**Problem to solve**.
Lines with the word "mapsto" are the answer; copy each of them from the data below.

Items listed in a dataset:
lemma symb_with_uniformizer_mem:
  assumes H: "subgroup H (KM fieldR N)" and pz: "\<forall>x\<in>set pz. x \<noteq> 0"
    and B: "\<And>ws. \<forall>w\<in>set ws. w \<noteq> 0 \<and> v w = 0 \<Longrightarrow> length pz + length ws + 1 = N \<Longrightarrow> symb fieldR (pz @ [\<pi>] @ ws) \<in> H"
    and qs: "\<forall>w\<in>set qs. w \<noteq> 0 \<and> v w = 0"
  shows "\<forall>w\<in>set ts. w \<noteq> 0 \<and> v w = 0 \<Longrightarrow> \<forall>x\<in>set xs. x \<noteq> 0 \<Longrightarrow> length pz + length qs + length ts + length xs + 1 = N
     \<Longrightarrow> symb fieldR (pz @ qs @ [\<pi>] @ ts @ xs) \<in> H"
proof (induction xs arbitrary: ts)
  case Nil
  have "symb fieldR (pz @ [\<pi>] @ qs @ ts) \<in> H" using B[of "qs @ ts"] qs Nil by (simp add: ball_Un)
  moreover have "symb fieldR (pz @ qs @ [\<pi>] @ ts) \<in> H \<longleftrightarrow> symb fieldR (pz @ [\<pi>] @ qs @ ts) \<in> H"
    by (rule symb_move_left_mem[OF H]) (use pz qs Nil uniformizer in simp_all)
  ultimately show ?case by simp
next
  case (Cons x xs)
  have x: "x \<noteq> 0" using Cons.prems by simp
  let ?P = "pz @ qs @ [\<pi>] @ ts"
  have nzP: "\<forall>y\<in>set ?P. y \<noteq> 0" using pz qs Cons.prems uniformizer by auto
  have nzx: "\<forall>y\<in>set xs. y \<noteq> 0" using Cons.prems by simp
  have N: "Suc (length ?P + length xs) = N" using Cons.prems by simp
  have d: "symb fieldR (?P @ [x] @ xs) = symb fieldR (?P @ [\<pi>] @ xs) [^]\<^bsub>KM fieldR N\<^esub> v x \<otimes>\<^bsub>KM fieldR N\<^esub> symb fieldR (?P @ [unit_part x] @ xs)"
    using fieldR_symb_unit_part[OF nzP nzx x] N by simp
  have s2: "symb fieldR (?P @ [unit_part x] @ xs) \<in> H"
    using Cons.IH[of "ts @ [unit_part x]"] Cons.prems unit_part_nonzero[OF x] v_unit_part[OF x] by simp
  have s1: "symb fieldR (?P @ [\<pi>] @ xs) \<in> H"
  proof -
    \<comment> \<open>the second \<open>\<pi>\<close> is traded for a unit via \<open>{\<pi>, \<pi>} = {\<pi>, -1}\<close>\<close>
    have "symb fieldR ((pz @ qs) @ [\<pi>, - 1] @ (ts @ xs)) \<in> H"
      using Cons.IH[of "(- 1) # ts"] Cons.prems by simp
    moreover have "symb fieldR ((pz @ qs) @ [\<pi>, \<pi>] @ (ts @ xs)) = symb fieldR ((pz @ qs) @ [\<pi>, - 1] @ (ts @ xs))"
      by (rule fieldR_symb_a_a) (use pz qs Cons.prems uniformizer in \<open>simp_all add: ball_Un\<close>)
    ultimately have "symb fieldR ((pz @ qs @ [\<pi>]) @ [\<pi>] @ ts @ xs) \<in> H" by simp
    moreover have "symb fieldR ((pz @ qs @ [\<pi>]) @ ts @ [\<pi>] @ xs) \<in> H \<longleftrightarrow> symb fieldR ((pz @ qs @ [\<pi>]) @ [\<pi>] @ ts @ xs) \<in> H"
      by (rule symb_move_left_mem[OF H]) (use pz qs Cons.prems uniformizer in \<open>simp_all add: ball_Un\<close>)
    ultimately show ?thesis by simp
  qed
  show ?case using d s1 s2 H by (simp add: group.subgroup_int_pow_closed[OF group_KM] subgroup.m_closed)
qed

lemma symb_mem_of_unit_symbs_aux:
  assumes H: "subgroup H (KM fieldR N)" and pz: "\<forall>x\<in>set pz. x \<noteq> 0"
    and A: "\<And>ws. \<forall>w\<in>set ws. w \<noteq> 0 \<and> v w = 0 \<Longrightarrow> length pz + length ws = N \<Longrightarrow> symb fieldR (pz @ ws) \<in> H"
    and B: "\<And>ws. \<forall>w\<in>set ws. w \<noteq> 0 \<and> v w = 0 \<Longrightarrow> length pz + length ws + 1 = N \<Longrightarrow> symb fieldR (pz @ [\<pi>] @ ws) \<in> H"
  shows "\<forall>w\<in>set qs. w \<noteq> 0 \<and> v w = 0 \<Longrightarrow> \<forall>x\<in>set xs. x \<noteq> 0 \<Longrightarrow> length pz + length qs + length xs = N
     \<Longrightarrow> symb fieldR (pz @ qs @ xs) \<in> H"
proof (induction xs arbitrary: qs)
  case Nil
  then show ?case using A[of qs] by simp
next
  case (Cons x xs)
  have x: "x \<noteq> 0" using Cons.prems by simp
  let ?P = "pz @ qs"
  have nzP: "\<forall>y\<in>set ?P. y \<noteq> 0" using pz Cons.prems by (simp add: ball_Un)
  have nzx: "\<forall>y\<in>set xs. y \<noteq> 0" using Cons.prems by simp
  have N: "Suc (length ?P + length xs) = N" using Cons.prems by simp
  have d: "symb fieldR (?P @ [x] @ xs) = symb fieldR (?P @ [\<pi>] @ xs) [^]\<^bsub>KM fieldR N\<^esub> v x \<otimes>\<^bsub>KM fieldR N\<^esub> symb fieldR (?P @ [unit_part x] @ xs)"
    using fieldR_symb_unit_part[OF nzP nzx x] N by simp
  have s2: "symb fieldR (?P @ [unit_part x] @ xs) \<in> H"
    using Cons.IH[of "qs @ [unit_part x]"] Cons.prems unit_part_nonzero[OF x] v_unit_part[OF x] by simp
  have s1: "symb fieldR (?P @ [\<pi>] @ xs) \<in> H"
    using symb_with_uniformizer_mem[OF H pz B, of qs "[]" xs] Cons.prems by simp
  show ?case using d s1 s2 H by (simp add: group.subgroup_int_pow_closed[OF group_KM] subgroup.m_closed)
qed

lemma symb_mem_of_unit_symbs:
  assumes H: "subgroup H (KM fieldR N)" and pz: "\<forall>x\<in>set pz. x \<noteq> 0"
    and A: "\<And>ws. \<forall>w\<in>set ws. w \<noteq> 0 \<and> v w = 0 \<Longrightarrow> length pz + length ws = N \<Longrightarrow> symb fieldR (pz @ ws) \<in> H"
    and B: "\<And>ws. \<forall>w\<in>set ws. w \<noteq> 0 \<and> v w = 0 \<Longrightarrow> length pz + length ws + 1 = N \<Longrightarrow> symb fieldR (pz @ [\<pi>] @ ws) \<in> H"
    and xs: "\<forall>x\<in>set xs. x \<noteq> 0" and len: "length pz + length xs = N"
  shows "symb fieldR (pz @ xs) \<in> H"
proof -
  have "symb fieldR (pz @ [] @ xs) \<in> H" by (rule symb_mem_of_unit_symbs_aux[OF H pz A B]) (use xs len in simp_all)
  then show ?thesis by simp
qed
(* Let $N=M\ell$ with $\ell$ prime, and let $\beta:=\beta_\ell(M)_*:\mathrm{Div}^0_{\mathrm{cusp}}(X_0(N))(\mathbf{Q})\to\mathrm{Div}^0_{\mathrm{cusp}}(X_0(M))(\mathbf{Q})$ be the push-forward along the degeneracy map. Then $$\mathrm{Div}^0_{\mathrm{cusp}}(X_0(M))(\mathbf{Q})\big/\beta\big(\mathrm{Div}^0_{\mathrm{cusp}}(X_0(N))(\mathbf{Q})\big)\simeq(\mathbf{Z}/\ell\mathbf{Z})^k$$ for some integer $k\ge0$. Moreover, if $\ell^4\nmid N$ then $k=0$, and consequently $\beta_\ell(M)_*(\mathscr{C}(N))=\mathscr{C}(M)$.
   Context: $\beta_\ell(M):X_0(M\ell)\to X_0(M)$ is the degeneracy map induced by $\tau\mapsto\ell\tau$ on the upper half-plane (modularly, $(E,C)\mapsto(E/C[\ell],C/C[\ell])$). $\mathrm{Div}^0_{\mathrm{cusp}}(X_0(N))(\mathbf{Q})$ denotes the group of degree-$0$ divisors on $X_0(N)$ supported on cusps and fixed by $\mathrm{Gal}(\overline{\mathbf{Q}}/\mathbf{Q})$. $\mathscr{C}(N)\subset J_0(N)$ is the group of linear equivalence classes of such divisors (the rational cuspidal divisor class group). *)

theory Defs
  imports "HOL-Algebra.Algebra" "HOL-Number_Theory.Cong"
begin

text \<open>Cusps of X_0(N): Gamma_0(N)-orbits of P^1(Q), a cusp x/y being represented by a
coprime pair (x,y) of integers; a matrix (a b; c d) acts on the column vector (x,y).\<close>

definition cusp_reps :: "(int \<times> int) set" where
  "cusp_reps = {(x, y). coprime x y}"

definition gamma0_rel :: "nat \<Rightarrow> ((int \<times> int) \<times> (int \<times> int)) set" where
  "gamma0_rel N = {((x, y), (x', y')). coprime x y \<and> coprime x' y' \<and>
      (\<exists>a b c d. a * d - b * c = 1 \<and> int N dvd c \<and> x' = a * x + b * y \<and> y' = c * x + d * y)}"

definition cusps :: "nat \<Rightarrow> (int \<times> int) set set" where
  "cusps N = cusp_reps // gamma0_rel N"

text \<open>Galois action on cusps: sigma_u (zeta_N to zeta_N^u) sends the cusp x/y to x'/y with
x' congruent to u x mod N (the conjugation by diag(u,1)).\<close>

definition galois_rel :: "nat \<Rightarrow> int \<Rightarrow> (int \<times> int) set \<Rightarrow> (int \<times> int) set \<Rightarrow> bool" where
  "galois_rel N u P Q \<longleftrightarrow> (\<exists>x y x'. (x, y) \<in> P \<and> (x', y) \<in> Q \<and> [x' = u * x] (mod int N))"

text \<open>Cuspidal divisors on X_0(N): integer-valued functions on the (finite) set of cusps.
Div^0_cusp(X_0(N))(Q): degree zero and Galois invariant.\<close>

definition rat_cusp_div0 :: "nat \<Rightarrow> ((int \<times> int) set \<Rightarrow> int) set" where
  "rat_cusp_div0 N = {D. (\<forall>P. P \<notin> cusps N \<longrightarrow> D P = 0) \<and> (\<Sum>P\<in>cusps N. D P) = 0 \<and>
      (\<forall>u. coprime u (int N) \<longrightarrow> (\<forall>P\<in>cusps N. \<forall>Q\<in>cusps N. galois_rel N u P Q \<longrightarrow> D P = D Q))}"

definition div0_group :: "nat \<Rightarrow> ((int \<times> int) set \<Rightarrow> int) monoid" where
  "div0_group N = \<lparr>carrier = rat_cusp_div0 N, monoid.mult = (\<lambda>D E P. D P + E P), one = (\<lambda>_. 0)\<rparr>"

text \<open>Degeneracy map beta_l(M): X_0(Ml) \<rightarrow> X_0(M), tau \<mapsto> l tau, on cusps: x/y \<mapsto> (l x)/y.\<close>

definition beta_cusp :: "nat \<Rightarrow> nat \<Rightarrow> (int \<times> int) set \<Rightarrow> (int \<times> int) set" where
  "beta_cusp l M P = (let (x, y) = (SOME p. p \<in> P); g = gcd (int l * x) y
                      in gamma0_rel M `` {(int l * x div g, y div g)})"

definition beta_push :: "nat \<Rightarrow> nat \<Rightarrow> ((int \<times> int) set \<Rightarrow> int) \<Rightarrow> ((int \<times> int) set \<Rightarrow> int)" where
  "beta_push l M D Q = (if Q \<in> cusps M
      then (\<Sum>P\<in>{P \<in> cusps (M * l). beta_cusp l M P = Q}. D P) else 0)"

end

theory Submission
  imports Defs
begin

text \<open>A divisor \<open>D\<close> on \<open>X\<^sub>0(M)\<close> is pulled back to the divisor
  on \<open>X\<^sub>0(M l)\<close> whose value at \<open>P\<close> is \<open>D(\<beta> P)\<close> times an integral weight depending only on
  \<open>gcd(y, M l)\<close> for \<open>P = x/y\<close>. This is rational and of degree zero whenever the weights over each
  fibre of \<open>\<beta>\<close> add up to a constant \<open>t\<close>, and then pushes forward to \<open>t D\<close>. The classical
  invariants of cusps \<open>x/y\<close> (namely \<open>g = gcd(y, N)\<close>, and \<open>x (y/g)\<close> modulo \<open>gcd(g, N/g)\<close>) determine the
  fibres well enough to reach \<open>t = l\<close> always, and \<open>t = 1\<close> when \<open>l\<^sup>3\<close> does not divide \<open>M\<close>.
  So the cokernel is killed by \<open>l\<close>; it is finite because it is a quotient of the divisors taken
  modulo \<open>l\<close>, hence an \<open>\<bbbF>\<^sub>l\<close>-vector space, and it vanishes in the second case.\<close>

lemma coprime_if_bezout: "s * a + t * b = (1::int) \<Longrightarrow> coprime a b"
  by (rule coprimeI) (metis dvd_add dvd_mult)

lemma coprime_unimodular_image:
  fixes x y a b c d :: int
  assumes "a * d - b * c = 1" "coprime x y"
  shows "coprime (a * x + b * y) (c * x + d * y)"
proof (rule coprimeI)
  fix k assume k1: "k dvd a * x + b * y" and k2: "k dvd c * x + d * y"
  have "d * (a * x + b * y) - b * (c * x + d * y) = (a * d - b * c) * x"
    and "a * (c * x + d * y) - c * (a * x + b * y) = (a * d - b * c) * y"
    by (simp_all add: algebra_simps)
  then have "k dvd x" "k dvd y"
    using assms(1) k1 k2 by (metis dvd_diff dvd_mult mult_1)+
  then show "is_unit k" using assms(2) coprime_common_divisor by blast
qed

lemma exists_coprime_translate:
  fixes a b n :: int
  assumes "n \<noteq> 0" "coprime a b"
  shows "\<exists>k. coprime (a + k * b) n"
proof -
  define S where "S = {p \<in> prime_factors n. \<not> p dvd a}"
  define k where "k = \<Prod>S"
  have finS: "finite S" unfolding S_def by auto
  have "coprime (a + k * b) n"
  proof (rule ccontr)
    assume "\<not> coprime (a + k * b) n"
    then obtain p where "p dvd gcd (a + k * b) n" "Factorial_Ring.prime p"
      using assms(1) prime_divisor_exists[of "gcd (a + k * b) n"] coprime_iff_gcd_eq_1
      by (metis gcd_eq_0_iff is_unit_gcd)
    then have p: "Factorial_Ring.prime p" "p dvd a + k * b" "p dvd n" by auto
    show False
    proof (cases "p dvd a")
      case True
      have "\<not> p dvd b" using True assms(2) p(1) coprime_common_divisor not_prime_unit by blast
      moreover have "\<not> p dvd k"
      proof
        assume "p dvd k"
        then obtain q where q: "q \<in> S" "p dvd q"
          unfolding k_def using prime_dvd_prod_iff[OF finS p(1)] by auto
        then have "p = q" using p(1) primes_dvd_imp_eq unfolding S_def by auto
        then show False using q(1) True unfolding S_def by auto
      qed
      ultimately have "\<not> p dvd k * b" using p(1) prime_dvd_mult_iff by blast
      then show False using p(2) True by (metis dvd_add_right_iff)
    next
      case False
      moreover have "p > 0" using p(1) prime_gt_0_int by blast
      ultimately have "normalize p \<in> S"
        unfolding S_def using p assms(1) by (simp add: in_prime_factors_iff)
      then have "normalize p dvd k" unfolding k_def using finS by (rule dvd_prodI[rotated])
      then have "p dvd k * b" by simp
      then show False using p(2) False by (metis dvd_add_left_iff)
    qed
  qed
  then show ?thesis by blast
qed

lemma coprime_translate_mult:
  fixes x y b L :: int
  assumes "coprime x y" "L dvd y"
  shows "coprime (x + b * y) (L * y)"
proof -
  have "coprime (x + b * y) y"
    using assms(1) gcd_add_mult[of y b x] by (simp add: coprime_iff_gcd_eq_1 gcd.commute add.commute)
  moreover have "coprime (x + b * y) L"
    using coprime_divisors[OF dvd_refl assms(2) calculation] .
  ultimately show ?thesis by simp
qed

**Response**.
   Context: $\beta_\ell(M):X_0(M\ell)\to X_0(M)$ is the degeneracy map induced by $\tau\mapsto\ell\tau$ on the upper half-plane (modularly, $(E,C)\mapsto(E/C[\ell],C/C[\ell])$). $\mathrm{Div}^0_{\mathrm{cusp}}(X_0(N))(\mathbf{Q})$ denotes the group of degree-$0$ divisors on $X_0(N)$ supported on cusps and fixed by $\mathrm{Gal}(\overline{\mathbf{Q}}/\mathbf{Q})$. $\mathscr{C}(N)\subset J_0(N)$ is the group of linear equivalence classes of such divisors (the rational cuspidal divisor class group). *)
text \<open>Degeneracy map beta_l(M): X_0(Ml) \<rightarrow> X_0(M), tau \<mapsto> l tau, on cusps: x/y \<mapsto> (l x)/y.\<close>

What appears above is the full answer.